The UK National Living Wage will increase from £9.50 to £10.42 per hour, putting even more pressure on labour-intensive businesses’ margins. The rise in labour costs will hit these companies and their suppliers at the worst possible time, when margins are already being stretched to their limit following rising raw material and commodity prices over the last two years.
The upcoming rise in labour costs should prompt labour-intensive businesses to invest in increasing their internal efficiencies and ‘smarter’ ways of working, which will yield long-term financial benefits and competitive advantage. This is best driven through close collaboration with strategic suppliers addressing total cost of ownership (TCO).
Sushank Agarwal explains that in in order to minimise the impact of increasing labour costs, companies can take steps in partnership with their key suppliers, including:
Increase investment in automated tools and equipment
“Investment in modern, automated equipment could help workers deliver more output in less time, cutting waste. This can allow the same amount of work to be completed by, for example, 10% fewer staff. They can then be redeployed to other tasks. The level of investment in this equipment by some businesses has lagged for a long time – now is a real inflection point for them to invest the necessary capital.”
“Automation can also make the work itself less physically challenging and more attractive to staff. It can also open up the possibility of increasing pay as productivity increases.”
Upskill existing staff to increase flexibility
“Companies can obtain more value from their workers by “cross training” them, enabling workers to be flexibly deployed across multiple tasks. For example, cleaning/catering staff could be trained to do regular equipment maintenance, allowing the business greater flexibility of deployment, and even creating potential for pay rises for existing staff – an important form of support during the cost of living crisis.”
“Investing in staff training will not only improve productivity but also agility for workers to have wider job opportunities, making the employer more attractive to potential new hires.”

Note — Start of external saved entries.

(* Let $\alpha\in(0,1)$, $m=\alpha n$, $c\in\mathbb{N}$, $q=2^{m+c}$. Then for all $\gamma>1$ and $k\ge 3.6-\frac54\log_2\alpha$, setting $f=\frac{k\ln m}{m}$, there exists $N_k>0$ such that for all $n\ge N_k$, $\epsilon(n,m,q,f)\le\gamma\frac{2^c}{q-1}$.
   Context: For $q\ge2$: $w^*(n,q)=\max\{w\ge0:\sum_{j=1}^w\binom{n}{j}\le q-1\}$, $r(n,q)=q-1-\sum_{w=1}^{w^*(n,q)}\binom{n}{w}$, and $$\epsilon(n,m,q,f)=\frac{1}{q-1}\left[\sum_{w=1}^{w^*(n,q)}\binom{n}{w}\frac{1}{2^m}(1+(1-2f)^w)^m+\frac{r(n,q)}{2^m}(1+(1-2f)^{w^*(n,q)+1})^m\right].$$ $\ln$ is the natural logarithm. *)

theory Defs
  imports Complex_Main
begin

definition wstar :: "nat \<Rightarrow> nat \<Rightarrow> nat" where
  "wstar n q = (GREATEST w. (\<Sum>j=1..w. n choose j) \<le> q - 1)"

definition rr :: "nat \<Rightarrow> nat \<Rightarrow> nat" where
  "rr n q = q - 1 - (\<Sum>w=1..wstar n q. n choose w)"

definition eps :: "nat \<Rightarrow> nat \<Rightarrow> nat \<Rightarrow> real \<Rightarrow> real" where
  "eps n m q f = (1 / (real q - 1)) *
     ((\<Sum>w=1..wstar n q. real (n choose w) * (1 / 2 ^ m) * (1 + (1 - 2 * f) ^ w) ^ m)
      + real (rr n q) / 2 ^ m * (1 + (1 - 2 * f) ^ (wstar n q + 1)) ^ m)"

end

Increase digitalisation and insights from data analytics
“Businesses should ensure that they are making best use of data and technology – for example, analyse passenger traffic at different parts of a facility to target areas for cleaning tasks more efficiently. This enables triggering cleaning tasks based on actual needs rather than a fixed frequency, cutting wasted effort.”

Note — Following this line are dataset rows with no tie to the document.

(* Let $\mathcal{G}=(\mathcal{V},\mathcal{E})$ be an unweighted finite simple graph and $f:\mathcal{V}\to\mathbb{R}$ a filtering function. Let $u\in\mathcal{V}$ be dominated by $v\in\mathcal{V}$ with $f(u)\leq f(v)$. Then for every $k\ge 0$, the $k$-th persistence diagrams of the superlevel filtrations of $\mathcal{G}$ and of $\mathcal{G}-\{u\}$ (with $f$ restricted and the same thresholds) coincide: $PD^{\mathrm{v}}_k(\mathcal{G},f)=PD^{\mathrm{v}}_k(\mathcal{G}-\{u\},f)$. In particular, if $f$ is the degree function of $\mathcal{G}$, this holds for every dominated vertex $u$.
   Context: $N(w)$ is the closed neighborhood of $w$; $u$ is dominated by $v\ne u$ if $N(u)\subset N(v)$. $\mathcal{G}-\{u\}$ deletes $u$ and its incident edges. With thresholds $\alpha_0<\dots<\alpha_m$ spanning the range of $f$, the superlevel filtration consists of the clique (flag) complexes of the subgraphs induced by $\{w: f(w)\ge\alpha_i\}$, ordered by decreasing $\alpha_i$; $PD^{\mathrm{v}}_k$ is the $k$-th persistence diagram (field coefficients) of this filtration. *)

theory Defs
  imports Complex_Main "HOL-Library.Function_Algebras"
begin

definition simple_graph :: "'v set \<Rightarrow> 'v set set \<Rightarrow> bool" where
  "simple_graph V E \<longleftrightarrow> finite V \<and> (\<forall>e\<in>E. e \<subseteq> V \<and> card e = 2)"

definition closed_nbhd :: "'v set set \<Rightarrow> 'v \<Rightarrow> 'v set" where
  "closed_nbhd E w = insert w {x. {w, x} \<in> E}"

Adds Sushank Agarwal: “The minimum wage rise is very daunting for many UK businesses that are already struggling financially. Even so, they should try to use this moment as an opportunity to invest in becoming more productive in the long run, collaborating closely with the key suppliers.”
Investment in productivity has been neglected by some UK companies for some time, but productivity improvements are now a necessity. UK productivity (GDP per hour) has only increased by about 5% since 2008, which lags well behind other western economies such as France, Germany and the US. In fact, UK productivity was 20% less than U.S. productivity in 2021*.